Free trial subscription

Try LWN for free for 0 month: no payment or credit card required. Activate your trial subscription now and see why thousands of readers subscribe to LWN.net.

Linked lists are conceptually straightforward; they tend to be taught toward the beginning of entry-level data-structures classes. It might thus be surprising that the kernel community is concerned about its longstanding linked-list implementation and is not only looking for ways to solve some problems, but has been struggling to find that solution. It now appears that some improvements might be at hand: after more than 30 years, the kernel developers may have found a better way to safely iterate through a linked list.

Kernel linked lists

C, of course, makes the creation of linked lists relatively easy. What it does not do, though, is help in the creation of generic linked lists that can contain any type of structure. By its nature, C lends itself to the creation of ad hoc linked lists in every situation where they are needed, resulting in boilerplate code and duplicated definitions. Every linked-list implementation must be reviewed for correctness. It would be far nicer to have a single implementation that was known to work so that kernel developers could more profitably use their time introducing bugs into code that is truly unique to their problem area.

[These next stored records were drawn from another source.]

lemma parseq_swap_teams: "parseq H (swap_teams \<circ> pl) ifs i I = parseq H pl ifs (swap_teams i) I"
  unfolding parseq_def seqs_swap_teams ..

lemma Plans_swap_teams: "Plans H (swap_teams \<circ> pl) ifs i = Plans H pl ifs (swap_teams i)"
  unfolding Plans_def reach_def seqs_swap_teams Isets_swap_teams ..

lemma PlansOf_swap_teams: "PlansOf H (swap_teams \<circ> pl) ifs i s = PlansOf H pl ifs (swap_teams i) s"
  unfolding PlansOf_def reach_def seqs_swap_teams Plans_swap_teams ..

lemma relevant_swap_teams: "relevant H (swap_teams \<circ> pl) ifs s2 s1 \<longleftrightarrow> relevant H pl ifs s1 s2"
  unfolding relevant_def Seqs_swap_teams by (auto simp: connected_sym split: option.splits)

lemma XiStar2_swap_teams:
  "\<xi> \<in> XiStar2 H pl ifs \<Longrightarrow> (\<lambda>s2 s1. \<xi> s1 s2) \<in> XiStar1 H (swap_teams \<circ> pl) ifs"
  unfolding XiStar1_def XiStar2_def VSF_def Isets_swap_teams Seqs_swap_teams parseq_swap_teams
    relevant_swap_teams
  by simp

lemma fmap_swap_teams:
  "fmap H (swap_teams \<circ> pl) ifs (pair_pmf \<mu> (return_pmf \<pi>)) s2 s1 =
   fmap H pl ifs (pair_pmf (return_pmf \<pi>) \<mu>) s1 s2"
  unfolding fmap_def PlansOf_swap_teams pmf_pair
  by (simp add: sum.swap[of _ "PlansOf H pl ifs T2 s2"] mult.commute)

theorem mainTheorem6:
  fixes H :: "'a list set" and pl :: "'a list \<Rightarrow> plr" and ifs :: "'a list \<Rightarrow> 'i"
  assumes "wf_game H pl ifs"
  shows "(\<forall>\<xi> \<in> XiStar1 H pl ifs. \<exists>\<mu>1 \<pi>2.
            set_pmf \<mu>1 \<subseteq> Plans H pl ifs T1 \<and> \<pi>2 \<in> Plans H pl ifs T2 \<and>
            (\<forall>s1 s2. relevant H pl ifs s1 s2 \<longrightarrow>
               \<xi> s1 s2 = fmap H pl ifs (pair_pmf \<mu>1 (return_pmf \<pi>2)) s1 s2) \<and>
            (\<forall>s2 \<in> Seqs H pl ifs T2.
               \<xi> None s2 = (if \<pi>2 \<in> PlansOf H pl ifs T2 s2 then 1 else 0))) \<and>
         (\<forall>\<xi> \<in> XiStar2 H pl ifs. \<exists>\<pi>1 \<mu>2.
            \<pi>1 \<in> Plans H pl ifs T1 \<and> set_pmf \<mu>2 \<subseteq> Plans H pl ifs T2 \<and>
            (\<forall>s1 s2. relevant H pl ifs s1 s2 \<longrightarrow>
               \<xi> s1 s2 = fmap H pl ifs (pair_pmf (return_pmf \<pi>1) \<mu>2) s1 s2))"
proof (intro conjI ballI)
  fix \<xi> assume "\<xi> \<in> XiStar1 H pl ifs"
  then show "\<exists>\<mu>1 \<pi>2. set_pmf \<mu>1 \<subseteq> Plans H pl ifs T1 \<and> \<pi>2 \<in> Plans H pl ifs T2 \<and>
      (\<forall>s1 s2. relevant H pl ifs s1 s2 \<longrightarrow> \<xi> s1 s2 = fmap H pl ifs (pair_pmf \<mu>1 (return_pmf \<pi>2)) s1 s2) \<and>
      (\<forall>s2 \<in> Seqs H pl ifs T2. \<xi> None s2 = (if \<pi>2 \<in> PlansOf H pl ifs T2 s2 then 1 else 0))"
    by (rule game.XiStar1_decomposition[OF game.intro[OF assms]])
next
  fix \<xi> assume "\<xi> \<in> XiStar2 H pl ifs"
  then have "(\<lambda>s2 s1. \<xi> s1 s2) \<in> XiStar1 H (swap_teams \<circ> pl) ifs"
    by (rule XiStar2_swap_teams)
  then obtain \<mu>2 \<pi>1 where "set_pmf \<mu>2 \<subseteq> Plans H pl ifs T2" "\<pi>1 \<in> Plans H pl ifs T1"
    "\<forall>s2 s1. relevant H (swap_teams \<circ> pl) ifs s2 s1 \<longrightarrow>
       \<xi> s1 s2 = fmap H (swap_teams \<circ> pl) ifs (pair_pmf \<mu>2 (return_pmf \<pi>1)) s2 s1"
    using game.XiStar1_decomposition[OF game.intro[OF wf_game_swap_teams[OF assms]]]
    unfolding Plans_swap_teams swap_teams.simps by blast
  then show "\<exists>\<pi>1 \<mu>2. \<pi>1 \<in> Plans H pl ifs T1 \<and> set_pmf \<mu>2 \<subseteq> Plans H pl ifs T2 \<and>
      (\<forall>s1 s2. relevant H pl ifs s1 s2 \<longrightarrow> \<xi> s1 s2 = fmap H pl ifs (pair_pmf (return_pmf \<pi>1) \<mu>2) s1 s2)"
    unfolding relevant_swap_teams fmap_swap_teams by blast
qed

The kernel, naturally, has a few solutions for linked lists, but the most commonly used is struct list_head:

    struct list_head {
	struct list_head *next, *prev;
    };

This structure can be employed in the obvious way to create doubly linked lists; a portion of such a list might look like:

struct list_head can represent a linked list nicely, but has one significant disadvantage: it cannot hold any other information. Usually, this kind of data structure is needed to link some other data of interest; the list structure by itself isn't the point. C does not make it easy to create a linked list with an arbitrary payload, but it is easy to embed struct list_head inside the structure that the developer actually wants to organize into a list:

This is how linked lists are typically constructed in the kernel. Macros like container_of() can be used to turn a pointer to a list_head structure into a pointer to the containing structure. Code that works with linked lists will almost always use this macro (often indirectly) to gain access to the larger payload.

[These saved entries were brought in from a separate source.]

(* Let $S=\mathbb{R}$ or $S=\mathbb{C}$ and let $X$ be a vector space over $S$, viewed as an algebra $a\colon\mathcal{M}_S(X)\to X$ of the multiset monad ($a(\sum_j s_jx_j)=\sum_j s_j\cdot x_j$). Then $\overline{\mathcal{M}_S}$-coalgebras (bases in the coalgebraic sense) on $X$ correspond bijectively to Hamel bases of $X$: a Hamel basis $B$ gives the coalgebra $b(x)=\sum_j s_j a_j$, where $x=\sum_j s_j\cdot a_j$ is the unique expansion of $x$ with $a_j\in B$; conversely, for a coalgebra $b$ the set $X_b=\{x\in X\mid b(x)=1x\}$ is a Hamel basis of $X$, and $b$ is the coordinate-expansion map with respect to it.
   Context: For a semiring $S$, the multiset monad $\mathcal{M}_S$ on $\mathbf{Sets}$ is $\mathcal{M}_S(X)=\{\varphi\colon X\to S\mid \mathrm{supp}(\varphi)\text{ finite}\}$, written as formal finite sums $\sum_i s_ix_i$; unit $\eta(x)=1x$; multiplication $\mu(\sum_i s_i\varphi_i)(x)=\sum_i s_i\cdot\varphi_i(x)$. Its Eilenberg–Moore algebras are $S$-modules. The induced comonad $\overline{\mathcal{M}_S}$ on modules sends a module $X$ to the free module $\mathcal{M}_S(X)$ on its underlying set, with counit $\varepsilon(\sum_j s_jx_j)=\sum_j s_j\cdot x_j$ (the actual sum in $X$) and comultiplication $\delta(\sum_j s_jx_j)=\sum_j s_j(1x_j)$. A $\overline{\mathcal{M}_S}$-coalgebra on $X$ is a module map $b\colon X\to\mathcal{M}_S(X)$ with $\varepsilon\circ b=\mathrm{id}$ and $\delta\circ b=\mathcal{M}_S(b)\circ b$. *)

theory Defs
  imports Complex_Main
begin

text \<open>Multiset monad M_S on Sets: elements of M_S(X) are finitely supported
functions X \<Rightarrow> S, represented as plain functions together with finiteness of support.\<close>

definition ms_supp :: "('x \<Rightarrow> 's::zero) \<Rightarrow> 'x set" where
  "ms_supp \<phi> = {x. \<phi> x \<noteq> 0}"

definition ms_finite :: "('x \<Rightarrow> 's::zero) \<Rightarrow> bool" where
  "ms_finite \<phi> \<longleftrightarrow> finite (ms_supp \<phi>)"

definition ms_unit :: "'x \<Rightarrow> ('x \<Rightarrow> 's::{zero,one})" where
  "ms_unit x = (\<lambda>y. if y = x then 1 else 0)"

definition ms_map :: "('x \<Rightarrow> 'y) \<Rightarrow> ('x \<Rightarrow> 's::comm_monoid_add) \<Rightarrow> ('y \<Rightarrow> 's)" where
  "ms_map f \<phi> = (\<lambda>y. \<Sum>x\<in>{x. \<phi> x \<noteq> 0 \<and> f x = y}. \<phi> x)"

text \<open>Counit of the comonad on modules: the algebra map a(sum_j s_j x_j) = sum_j s_j . x_j\<close>
definition ms_counit :: "('s \<Rightarrow> 'v \<Rightarrow> 'v) \<Rightarrow> ('v \<Rightarrow> 's::zero) \<Rightarrow> 'v::comm_monoid_add" where
  "ms_counit scale \<phi> = (\<Sum>x\<in>ms_supp \<phi>. scale (\<phi> x) x)"

text \<open>Comultiplication delta(sum_j s_j x_j) = sum_j s_j (1 x_j)\<close>
definition ms_comult :: "('v \<Rightarrow> 's::{zero,one}) \<Rightarrow> (('v \<Rightarrow> 's) \<Rightarrow> 's)" where
  "ms_comult \<phi> = (\<lambda>\<psi>. if \<exists>x. \<psi> = ms_unit x then \<phi> (THE x. \<psi> = ms_unit x) else 0)"

text \<open>A coalgebra of the induced comonad on the module X (scalar multiplication scale):
a module map b : X \<rightarrow> M_S(X) (pointwise module structure on M_S(X)) with
counit o b = id and comult o b = M_S(b) o b.\<close>
definition ms_coalgebra :: "('s::comm_ring_1 \<Rightarrow> 'v \<Rightarrow> 'v) \<Rightarrow> ('v::ab_group_add \<Rightarrow> ('v \<Rightarrow> 's)) \<Rightarrow> bool" where
  "ms_coalgebra scale b \<longleftrightarrow>
     (\<forall>x. ms_finite (b x)) \<and>
     (\<forall>x y. b (x + y) = (\<lambda>z. b x z + b y z)) \<and>
     (\<forall>c x. b (scale c x) = (\<lambda>z. c * b x z)) \<and>
     (\<forall>x. ms_counit scale (b x) = x) \<and>
     (\<forall>x. ms_comult (b x) = ms_map b (b x))"

definition hamel_basis :: "('s::comm_ring_1 \<Rightarrow> 'v \<Rightarrow> 'v) \<Rightarrow> 'v::ab_group_add set \<Rightarrow> bool" where
  "hamel_basis scale B \<longleftrightarrow> \<not> module.dependent scale B \<and> module.span scale B = UNIV"

definition basis_coalg :: "('s::comm_ring_1 \<Rightarrow> 'v \<Rightarrow> 'v) \<Rightarrow> 'v::ab_group_add set \<Rightarrow> 'v \<Rightarrow> ('v \<Rightarrow> 's)" where
  "basis_coalg scale B = module.representation scale B"

definition coalg_basis :: "('v \<Rightarrow> ('v \<Rightarrow> 's::{zero,one})) \<Rightarrow> 'v set" where
  "coalg_basis b = {x. b x = ms_unit x}"

end

theory Submission
  imports Defs
begin

text \<open>A Hamel basis \<open>B\<close> gives the coordinate map, which is a coalgebra because every basis
vector is sent to its own unit \<open>1 z\<close>. Conversely, for a coalgebra \<open>b\<close> the comultiplication law
evaluated at \<open>b z\<close> shows that every \<open>z\<close> in the support of some \<open>b x\<close> satisfies \<open>b z = 1 z\<close>;
the counit law then says that \<open>x\<close> is the combination of these \<open>z\<close> with coefficients \<open>b x\<close>, and
linearity of \<open>b\<close> shows that they are independent.\<close>

lemma ms_unit_eq_iff: "(ms_unit x :: 'x \<Rightarrow> 's::zero_neq_one) = ms_unit y \<longleftrightarrow> x = y"
  unfolding ms_unit_def by (metis one_neq_zero)

lemma ms_comult_ms_unit:
  "ms_comult \<phi> (ms_unit y :: 'v \<Rightarrow> 's::zero_neq_one) = \<phi> y"
  by (simp add: ms_comult_def ms_unit_eq_iff)

lemma ms_comult_not_unit:
  "\<nexists>y. \<psi> = ms_unit y \<Longrightarrow> ms_comult \<phi> \<psi> = 0"
  by (simp add: ms_comult_def)

context vector_space
begin

lemma ms_counit_ms_unit: "ms_counit scale (ms_unit y) = y"
proof -
  have "ms_supp (ms_unit y :: 'b \<Rightarrow> 'a) = {y}"
    by (auto simp: ms_supp_def ms_unit_def)
  then show ?thesis
    by (simp add: ms_counit_def ms_unit_def)
qed

lemma representation_basis_eq_ms_unit:
  "independent B \<Longrightarrow> z \<in> B \<Longrightarrow> representation B z = ms_unit z"
  using representation_basis by (auto simp: ms_unit_def)

lemma ms_comult_representation:
  assumes "independent B"
  shows "ms_comult (representation B x) = ms_map (representation B) (representation B x)"
proof
  fix \<psi>
  let ?r = "representation B x"
  have preimage: "{z. ?r z \<noteq> 0 \<and> representation B z = \<psi>} = {z. ?r z \<noteq> 0 \<and> ms_unit z = \<psi>}"
    using representation_basis_eq_ms_unit[OF assms] representation_ne_zero by auto
  show "ms_comult ?r \<psi> = ms_map (representation B) ?r \<psi>"
  proof (cases "\<exists>y. \<psi> = ms_unit y")
    case True
    then obtain y where y: "\<psi> = ms_unit y" by blast
    have "{z. ?r z \<noteq> 0 \<and> ms_unit z = \<psi>} = (if ?r y = 0 then {} else {y})"
      using y by (auto simp: ms_unit_eq_iff)
    then have "ms_map (representation B) ?r \<psi> = ?r y"
      unfolding ms_map_def preimage by simp
    then show ?thesis
      by (simp add: y ms_comult_ms_unit)
  next
    case False
    then have "{z. ?r z \<noteq> 0 \<and> ms_unit z = \<psi>} = {}" by auto
    then have "ms_map (representation B) ?r \<psi> = 0"
      unfolding ms_map_def preimage by (simp only: sum.empty)
    with False show ?thesis
      by (simp add: ms_comult_not_unit)
  qed
qed

lemma ms_coalgebra_representation:
  assumes "hamel_basis scale B"
  shows "ms_coalgebra scale (representation B)"
proof -
  have ind: "independent B" and sp: "\<And>x. x \<in> span B"
    using assms by (auto simp: hamel_basis_def)
  show ?thesis
    unfolding ms_coalgebra_def
  proof (intro conjI allI)
    fix x
    show "ms_finite (representation B x)"
      by (simp add: ms_finite_def ms_supp_def finite_representation)
    show "ms_counit scale (representation B x) = x"
      unfolding ms_counit_def ms_supp_def by (rule sum_nonzero_representation_eq[OF ind sp])
    show "ms_comult (representation B x) = ms_map (representation B) (representation B x)"
      by (rule ms_comult_representation[OF ind])
  next
    fix x y
    show "representation B (x + y) = (\<lambda>z. representation B x z + representation B y z)"
      by (rule representation_add[OF ind sp sp])
  next
    fix c x
    show "representation B (c *s x) = (\<lambda>z. c * representation B x z)"
      by (rule representation_scale[OF ind sp])
  qed
qed

lemma coalg_basis_representation:
  assumes "hamel_basis scale B"
  shows "coalg_basis (representation B) = B"
proof -
  have ind: "independent B"
    using assms by (simp add: hamel_basis_def)
  have "x \<in> B" if "representation B x = ms_unit x" for x
  proof -
    have "representation B x x \<noteq> 0"
      using that by (simp add: ms_unit_def)
    then show ?thesis
      by (rule representation_ne_zero)
  qed
  then show ?thesis
    by (auto simp: coalg_basis_def representation_basis_eq_ms_unit[OF ind])
qed

lemma ms_coalgebra_zero:
  assumes "ms_coalgebra scale b"
  shows "b 0 = (\<lambda>z. 0)"
proof
  fix z
  have "b (0 + 0) = (\<lambda>z. b 0 z + b 0 z)"
    using assms by (simp only: ms_coalgebra_def)
  then have "b 0 z = b 0 z + b 0 z"
    by (simp only: add_0_left fun_eq_iff)
  then show "b 0 z = 0"
    by (metis add_left_cancel add.right_neutral)
qed

lemma ms_coalgebra_sum:
  assumes "ms_coalgebra scale b"
  shows "b (\<Sum>i\<in>I. f i) = (\<lambda>z. \<Sum>i\<in>I. b (f i) z)"
proof -
  have "b (x + y) = (\<lambda>z. b x z + b y z)" for x y
    using assms by (simp add: ms_coalgebra_def)
  then show ?thesis
    by (induction I rule: infinite_finite_induct) (simp_all add: ms_coalgebra_zero[OF assms])
qed

text \<open>The comultiplication law at \<open>b z\<close>: its left side is \<open>b x z\<close> if \<open>b z\<close> is a unit \<open>1 y\<close> and
\<open>0\<close> otherwise, while its right side is \<open>b x z\<close> because \<open>b\<close> is injective by the counit law.\<close>

lemma ms_coalgebra_support_unit:
  assumes cb: "ms_coalgebra scale b" and nz: "b x z \<noteq> 0"
  shows "b z = ms_unit z"
proof -
  have counit: "\<And>x. ms_counit scale (b x) = x"
    using cb by (simp add: ms_coalgebra_def)
  then have "inj b"
    by (metis injI)
  then have "{w. b x w \<noteq> 0 \<and> b w = b z} = {z}"
    using nz by (auto simp: inj_eq)
  then have "ms_map b (b x) (b z) = b x z"
    by (simp add: ms_map_def)
  with cb nz have "ms_comult (b x) (b z) \<noteq> 0"
    by (simp add: ms_coalgebra_def)
  then obtain y where y: "b z = ms_unit y"
    using ms_comult_not_unit[of "b z" "b x"] by blast
  with counit[of z] have "z = y"
    by (simp add: ms_counit_ms_unit)
  with y show ?thesis by simp
qed

lemma ms_coalgebra_sum_support:
  "ms_coalgebra scale b \<Longrightarrow> (\<Sum>z | b x z \<noteq> 0. b x z *s z) = x"
  by (simp add: ms_coalgebra_def ms_counit_def ms_supp_def)

lemma span_coalg_basis:
  assumes "ms_coalgebra scale b"
  shows "x \<in> span (coalg_basis b)"
proof -
  have "{z. b x z \<noteq> 0} \<subseteq> coalg_basis b"
    using ms_coalgebra_support_unit[OF assms] by (auto simp: coalg_basis_def)
  then have "(\<Sum>z | b x z \<noteq> 0. b x z *s z) \<in> span (coalg_basis b)"
    by (intro span_sum span_scale span_base) auto
  then show ?thesis
    by (simp add: ms_coalgebra_sum_support[OF assms])
qed

lemma independent_coalg_basis:
  assumes cb: "ms_coalgebra scale b"
  shows "independent (coalg_basis b)"
  unfolding independent_explicit_module
proof (intro allI impI)
  fix t u v
  assume "finite t" and t: "t \<subseteq> coalg_basis b" and zero: "(\<Sum>w\<in>t. u w *s w) = 0" and "v \<in> t"
  have "b (\<Sum>w\<in>t. u w *s w) v = (\<Sum>w\<in>t. u w * ms_unit w v)"
    using t cb by (auto simp: ms_coalgebra_sum coalg_basis_def ms_coalgebra_def intro!: sum.cong)
  also have "\<dots> = u v"
    using \<open>finite t\<close> \<open>v \<in> t\<close> by (simp add: ms_unit_def if_distrib cong: if_cong)
  finally have "u v = b 0 v"
    using zero by simp
  also have "b 0 v = 0"
    by (simp add: ms_coalgebra_zero[OF cb])
  finally show "u v = 0" .
qed

lemma hamel_basis_coalg_basis:
  "ms_coalgebra scale b \<Longrightarrow> hamel_basis scale (coalg_basis b)"
  using independent_coalg_basis span_coalg_basis by (auto simp: hamel_basis_def)

lemma ms_coalgebra_eq_representation:
  assumes cb: "ms_coalgebra scale b"
  shows "b = representation (coalg_basis b)"
proof
  fix x
  have fin: "finite {z. b x z \<noteq> 0}"
    using cb by (simp add: ms_coalgebra_def ms_finite_def ms_supp_def)
  have support: "{z. b x z \<noteq> 0} \<subseteq> coalg_basis b"
    using ms_coalgebra_support_unit[OF cb] by (auto simp: coalg_basis_def)
  show "b x = representation (coalg_basis b) x"
    by (rule representation_eqI[OF independent_coalg_basis[OF cb] span_coalg_basis[OF cb], symmetric])
      (use fin support in \<open>auto simp: ms_coalgebra_sum_support[OF cb]\<close>)
qed

lemma hamel_basis_ms_coalgebra_correspondence:
  "bij_betw (basis_coalg scale) {B. hamel_basis scale B} {b. ms_coalgebra scale b}
     \<and> (\<forall>B. hamel_basis scale B \<longrightarrow> coalg_basis (basis_coalg scale B) = B)
     \<and> (\<forall>b. ms_coalgebra scale b \<longrightarrow>
            hamel_basis scale (coalg_basis b) \<and> b = basis_coalg scale (coalg_basis b))"
proof (intro conjI allI impI)
  show "bij_betw (basis_coalg scale) {B. hamel_basis scale B} {b. ms_coalgebra scale b}"
  proof (rule bij_betw_byWitness[where f' = coalg_basis])
    show "\<forall>B\<in>{B. hamel_basis scale B}. coalg_basis (basis_coalg scale B) = B"
      by (simp add: basis_coalg_def coalg_basis_representation)
    show "\<forall>b\<in>{b. ms_coalgebra scale b}. basis_coalg scale (coalg_basis b) = b"
      unfolding basis_coalg_def using ms_coalgebra_eq_representation by force
    show "basis_coalg scale ` {B. hamel_basis scale B} \<subseteq> {b. ms_coalgebra scale b}"
      by (auto simp: basis_coalg_def ms_coalgebra_representation)
    show "coalg_basis ` {b. ms_coalgebra scale b} \<subseteq> {B. hamel_basis scale B}"
      by (auto simp: hamel_basis_coalg_basis)
  qed
next
  fix B
  show "hamel_basis scale B \<Longrightarrow> coalg_basis (basis_coalg scale B) = B"
    by (simp add: basis_coalg_def coalg_basis_representation)
next
  fix b
  assume "ms_coalgebra scale b"
  then show "hamel_basis scale (coalg_basis b)" and "b = basis_coalg scale (coalg_basis b)"
    by (simp_all add: hamel_basis_coalg_basis basis_coalg_def ms_coalgebra_eq_representation)
qed

end

theorem theorem3p2:
  fixes sR :: "real \<Rightarrow> 'a::ab_group_add \<Rightarrow> 'a"
    and sC :: "complex \<Rightarrow> 'b::ab_group_add \<Rightarrow> 'b"
  assumes "vector_space sR" and "vector_space sC"
  shows "bij_betw (basis_coalg sR) {B. hamel_basis sR B} {b. ms_coalgebra sR b}
       \<and> (\<forall>B. hamel_basis sR B \<longrightarrow> coalg_basis (basis_coalg sR B) = B)
       \<and> (\<forall>b. ms_coalgebra sR b \<longrightarrow>
              hamel_basis sR (coalg_basis b) \<and> b = basis_coalg sR (coalg_basis b))
       \<and> bij_betw (basis_coalg sC) {B. hamel_basis sC B} {b. ms_coalgebra sC b}
       \<and> (\<forall>B. hamel_basis sC B \<longrightarrow> coalg_basis (basis_coalg sC B) = B)
       \<and> (\<forall>b. ms_coalgebra sC b \<longrightarrow>
              hamel_basis sC (coalg_basis b) \<and> b = basis_coalg sC (coalg_basis b))"
proof -
  note real = vector_space.hamel_basis_ms_coalgebra_correspondence[OF assms(1)]
  note complex = vector_space.hamel_basis_ms_coalgebra_correspondence[OF assms(2)]
  from real complex show ?thesis
    by (elim conjE) (intro conjI)
qed

end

One final detail that is worthy of note is that the actual head of the list tends to be a list_head structure that is not embedded within the structure type of interest:

For a real-world example of how this infrastructure is used, consider struct inode, which represents a file within a filesystem. Inodes can be on a lot of lists simultaneously, so struct inode contains no less than five separate list_head structures; unfortunately, your editor's meager artistic skills are not up to the task of showing what the resulting data structure looks like. One of those list_head structures, i_sb_list, is used to associate the inode with the superblock of the filesystem it belongs to. The list_head structure that anchors this list is the s_inodes field of struct super_block. That is the one list_head structure in this particular list that is not embedded within an instance of struct inode.

Traversal of a linked list will typically begin at the anchor and follow the next pointers until the head is found again. One can, of course, open-code this traversal, but the kernel also provides a long list of functions and macros for this purpose. One of those is list_for_each_entry(), which will go through the entire list, providing a pointer to the containing structure at each node. Typical code using this macro looks like this:

    struct inode *inode;

    /* ... */
    list_for_each_entry(inode, &sb->s_inodes, i_sb_list) {
	/* Process each inode here */
    }
    /* Should not use the iterator here */

Within the loop, the macro uses container_of() to point inode at the containing inode structure for each list entry. The problem is: what is the value of inode on exit from the loop? If code exited the loop with a break statement, inode will point to the element under consideration at that time. If, however, execution passes through the entire list, inode will be the result of using container_of() on the separate list head, which is not contained within an inode structure. That puts the kernel deeply into undefined-behavior territory and could lead to any of a number of bad things.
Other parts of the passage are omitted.